**Required action**
Please copy exactly the lines that run from the start of the entries to the line containing "(\<lambda>k. diffs sinc_coeff", inclusive.

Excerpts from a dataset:
'''

lemma sinc_coeff_summable: "summable (\<lambda>k. sinc_coeff k * x^k)"
proof -
  have "summable (\<lambda>k. sinc_coeff k * (norm x + 1)^k)"
    using sinc_coeff_sums[of "norm x + 1"] by (auto simp: sums_iff)
  from powser_insidea[OF this, of x] have "summable (\<lambda>k. norm (sinc_coeff k * x^k))" by simp
  thus ?thesis by (rule summable_norm_cancel)
qed

lemma sinc_sqrt_eq: "t > 0 \<Longrightarrow> sinc_sqrt t = sin (pi * sqrt t) / (pi * sqrt t)"
  using sinc_coeff_sums by (simp add: sinc_sqrt_def sums_iff)

lemma sinc_sqrt_pos: assumes "0 < t" "t < 1" shows "sinc_sqrt t > 0"
proof -
  have "sqrt t < 1" using assms by simp
  hence "pi * sqrt t < pi" using pi_gt_zero by simp
  hence "sin (pi * sqrt t) > 0" using assms by (intro sin_gt_zero) auto
  thus ?thesis using assms by (simp add: sinc_sqrt_eq)
qed

lemma sinc_sqrt_deriv: "DERIV sinc_sqrt t :> (\<Sum>k. diffs sinc_coeff k * t^k)"
  unfolding sinc_sqrt_def by (rule termdiffs_strong_converges_everywhere[OF sinc_coeff_summable])

lemma diffs_sinc_coeff_summable: "summable (\<lambda>k. diffs sinc_coeff k * t^k)"
  by (rule termdiff_converges_all[OF sinc_coeff_summable])

definition zeta_log_coeff :: "nat \<Rightarrow> real" where "zeta_log_coeff n = zeta (real (2*n)) / real n"

lemma zeta_of_nat_sums:
  assumes "n \<ge> 2"
  shows "(\<lambda>k. 1 / real (Suc k) ^ n) sums zeta (real n)"
proof -
  have "summable (\<lambda>k. inverse (real k ^ n))"
    by (rule inverse_power_summable) (use assms in auto)
  hence "summable (\<lambda>k. inverse (real (Suc k) ^ n))"
    by (subst summable_Suc_iff) simp
  hence "(\<lambda>k. 1 / real (Suc k) ^ n) sums (\<Sum>k. 1 / real (Suc k) ^ n)"
    by (simp add: summable_sums divide_inverse)
  moreover have "(\<Sum>k. 1 / real (Suc k) ^ n) = zeta (real n)"
    unfolding zeta_def by (intro suminf_cong) (simp add: powr_realpow)
  ultimately show ?thesis by simp
qed

lemma ln_sinc_sqrt_sums:
  assumes t: "0 < t" "t < 1"
  shows "(\<lambda>k. ln (1 - t / real (Suc k)^2)) sums ln (sinc_sqrt t)"
proof -
  have pos: "1 - t / real (Suc k)^2 > 0" for k
  proof -
    have "t < real (Suc k)^2" using t by (smt (verit) of_nat_0_le_iff one_le_power of_nat_Suc)
    thus ?thesis by (simp add: field_simps)
  qed
  have "(\<lambda>n. \<Prod>k=1..n. 1 - (sqrt t)\<^sup>2 / (real k)\<^sup>2) \<longlonglongrightarrow> sin (pi * sqrt t) / (pi * sqrt t)"
    by (rule sin_product_formula_real') (use t in simp)
  hence "(\<lambda>n. \<Prod>k=1..n. 1 - t / (real k)\<^sup>2) \<longlonglongrightarrow> sinc_sqrt t"
    using t by (simp add: sinc_sqrt_eq)
  hence "(\<lambda>n. ln (\<Prod>k=1..n. 1 - t / (real k)\<^sup>2)) \<longlonglongrightarrow> ln (sinc_sqrt t)"
    by (rule tendsto_ln) (use sinc_sqrt_pos[OF t] in simp)
  moreover have "ln (\<Prod>k=1..n. 1 - t / (real k)\<^sup>2) = (\<Sum>k<n. ln (1 - t / real (Suc k)^2))" for n
  proof -
    have "(\<Prod>k=1..n. 1 - t / (real k)\<^sup>2) = (\<Prod>k<n. 1 - t / (real (Suc k))\<^sup>2)"
      by (simp add: prod.atLeast1_atMost_eq)
    also have "ln \<dots> = (\<Sum>k<n. ln (1 - t / real (Suc k)^2))"
      by (rule ln_prod) (use pos in \<open>auto simp del: of_nat_Suc\<close>)
    finally show ?thesis .
  qed
  ultimately show ?thesis by (simp add: sums_def)
qed

lemma neg_ln_factor_sums:
  assumes t: "0 < t" "t < 1"
  shows "(\<lambda>n. t^n / (real n * real (Suc k)^(2*n))) sums (- ln (1 - t / real (Suc k)^2))"
proof -
  have x: "\<bar>- (t / real (Suc k)^2)\<bar> < 1"
  proof -
    have "t < real (Suc k)^2" using t by (smt (verit) of_nat_0_le_iff one_le_power of_nat_Suc)
    thus ?thesis using t by (simp add: field_simps)
  qed
  from sums_minus[OF ln_series'[OF x]]
  have "(\<lambda>n. - (- ((- (- (t / real (Suc k)^2))) ^ n) / real n)) sums - ln (1 + - (t / real (Suc k)^2))" .
  moreover have "- (- ((- (- (t / real (Suc k)^2))) ^ n) / real n) = t^n / (real n * real (Suc k)^(2*n))" for n
    by (simp add: power_divide power_mult)
  ultimately show ?thesis by simp
qed

lemma zeta_log_coeff_sums:
  assumes t: "0 < t" "t < 1"
  shows "(\<lambda>n. zeta_log_coeff n * t^n) sums (- ln (sinc_sqrt t))"
proof -
  define f where "f = (\<lambda>(k::nat, n::nat). t^n / (real n * real (Suc k)^(2*n)))"
  have f_nonneg: "f x \<ge> 0" for x using t by (cases x) (auto simp: f_def)
  have row_sums: "((\<lambda>n. f (k, n)) has_sum (- ln (1 - t / real (Suc k)^2))) UNIV" for k
    by (rule sums_nonneg_imp_has_sum) (use neg_ln_factor_sums[OF t, of k] f_nonneg in \<open>auto simp: f_def\<close>)
  have row_sum_nonneg: "- ln (1 - t / real (Suc k)^2) \<ge> 0" for k
    using has_sum_nonneg[OF row_sums[of k]] f_nonneg by auto
  have total: "((\<lambda>k. - ln (1 - t / real (Suc k)^2)) has_sum (- ln (sinc_sqrt t))) UNIV"
    by (rule sums_nonneg_imp_has_sum) (use sums_minus[OF ln_sinc_sqrt_sums[OF t]] row_sum_nonneg in auto)
  have f_summable: "f summable_on Sigma UNIV (\<lambda>_. UNIV)"
    by (rule summable_on_SigmaI[OF row_sums]) (use total f_nonneg in \<open>auto dest: has_sum_imp_summable\<close>)
  have f_sum: "(f has_sum (- ln (sinc_sqrt t))) (Sigma UNIV (\<lambda>_. UNIV))"
    by (rule has_sum_SigmaI[OF row_sums total f_summable])
  hence f_swap_sum: "((\<lambda>(x,y). f (y,x)) has_sum (- ln (sinc_sqrt t))) (UNIV \<times> UNIV)"
    using has_sum_swap[THEN iffD1, OF f_sum] by simp
  have column_sums: "((\<lambda>k. (\<lambda>(x,y). f (y,x)) (n, k)) has_sum (zeta_log_coeff n * t^n)) UNIV" for n
  proof (cases "n = 0")
    case True
    thus ?thesis by (simp add: f_def zeta_log_coeff_def)
  next
    case False
    have "(\<lambda>k. t^n / real n * (1 / real (Suc k) ^ (2*n))) sums (t^n / real n * zeta (real (2*n)))"
      by (rule sums_mult[OF zeta_of_nat_sums]) (use False in auto)
    hence "((\<lambda>k. t^n / real n * (1 / real (Suc k) ^ (2*n))) has_sum (t^n / real n * zeta (real (2*n)))) UNIV"
      by (rule sums_nonneg_imp_has_sum) (use t in auto)
    thus ?thesis by (simp add: f_def zeta_log_coeff_def mult_ac)
  qed
  have "((\<lambda>n. zeta_log_coeff n * t^n) has_sum (- ln (sinc_sqrt t))) UNIV"
    by (rule has_sum_SigmaD[OF _ column_sums]) (use f_swap_sum in simp)
  thus ?thesis by (rule has_sum_imp_sums)
qed

lemma zeta_log_coeff_summable:
  assumes "\<bar>x\<bar> < 1"
  shows "summable (\<lambda>n. zeta_log_coeff n * x^n)"
proof -
  define y where "y = (1 + \<bar>x\<bar>) / 2"
  have y: "0 < y" "y < 1" "norm x < norm y" using assms by (auto simp: y_def)
  have "summable (\<lambda>n. zeta_log_coeff n * y^n)" using zeta_log_coeff_sums[OF y(1,2)] by (simp add: sums_iff)
  from powser_insidea[OF this y(3)] show ?thesis by (rule summable_norm_cancel)
qed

'''

**Answer area**
lemma sinc_coeff_summable: "summable (\<lambda>k. sinc_coeff k * x^k)"
proof -
  have "summable (\<lambda>k. sinc_coeff k * (norm x + 1)^k)"
    using sinc_coeff_sums[of "norm x + 1"] by (auto simp: sums_iff)
  from powser_insidea[OF this, of x] have "summable (\<lambda>k. norm (sinc_coeff k * x^k))" by simp
  thus ?thesis by (rule summable_norm_cancel)
qed

lemma sinc_sqrt_eq: "t > 0 \<Longrightarrow> sinc_sqrt t = sin (pi * sqrt t) / (pi * sqrt t)"
  using sinc_coeff_sums by (simp add: sinc_sqrt_def sums_iff)

lemma sinc_sqrt_pos: assumes "0 < t" "t < 1" shows "sinc_sqrt t > 0"
proof -
  have "sqrt t < 1" using assms by simp
  hence "pi * sqrt t < pi" using pi_gt_zero by simp
  hence "sin (pi * sqrt t) > 0" using assms by (intro sin_gt_zero) auto
  thus ?thesis using assms by (simp add: sinc_sqrt_eq)
qed

lemma sinc_sqrt_deriv: "DERIV sinc_sqrt t :> (\<Sum>k. diffs sinc_coeff k * t^k)"
  unfolding sinc_sqrt_def by (rule termdiffs_strong_converges_everywhere[OF sinc_coeff_summable])

lemma diffs_sinc_coeff_summable: "summable (\<lambda>k. diffs sinc_coeff k * t^k)"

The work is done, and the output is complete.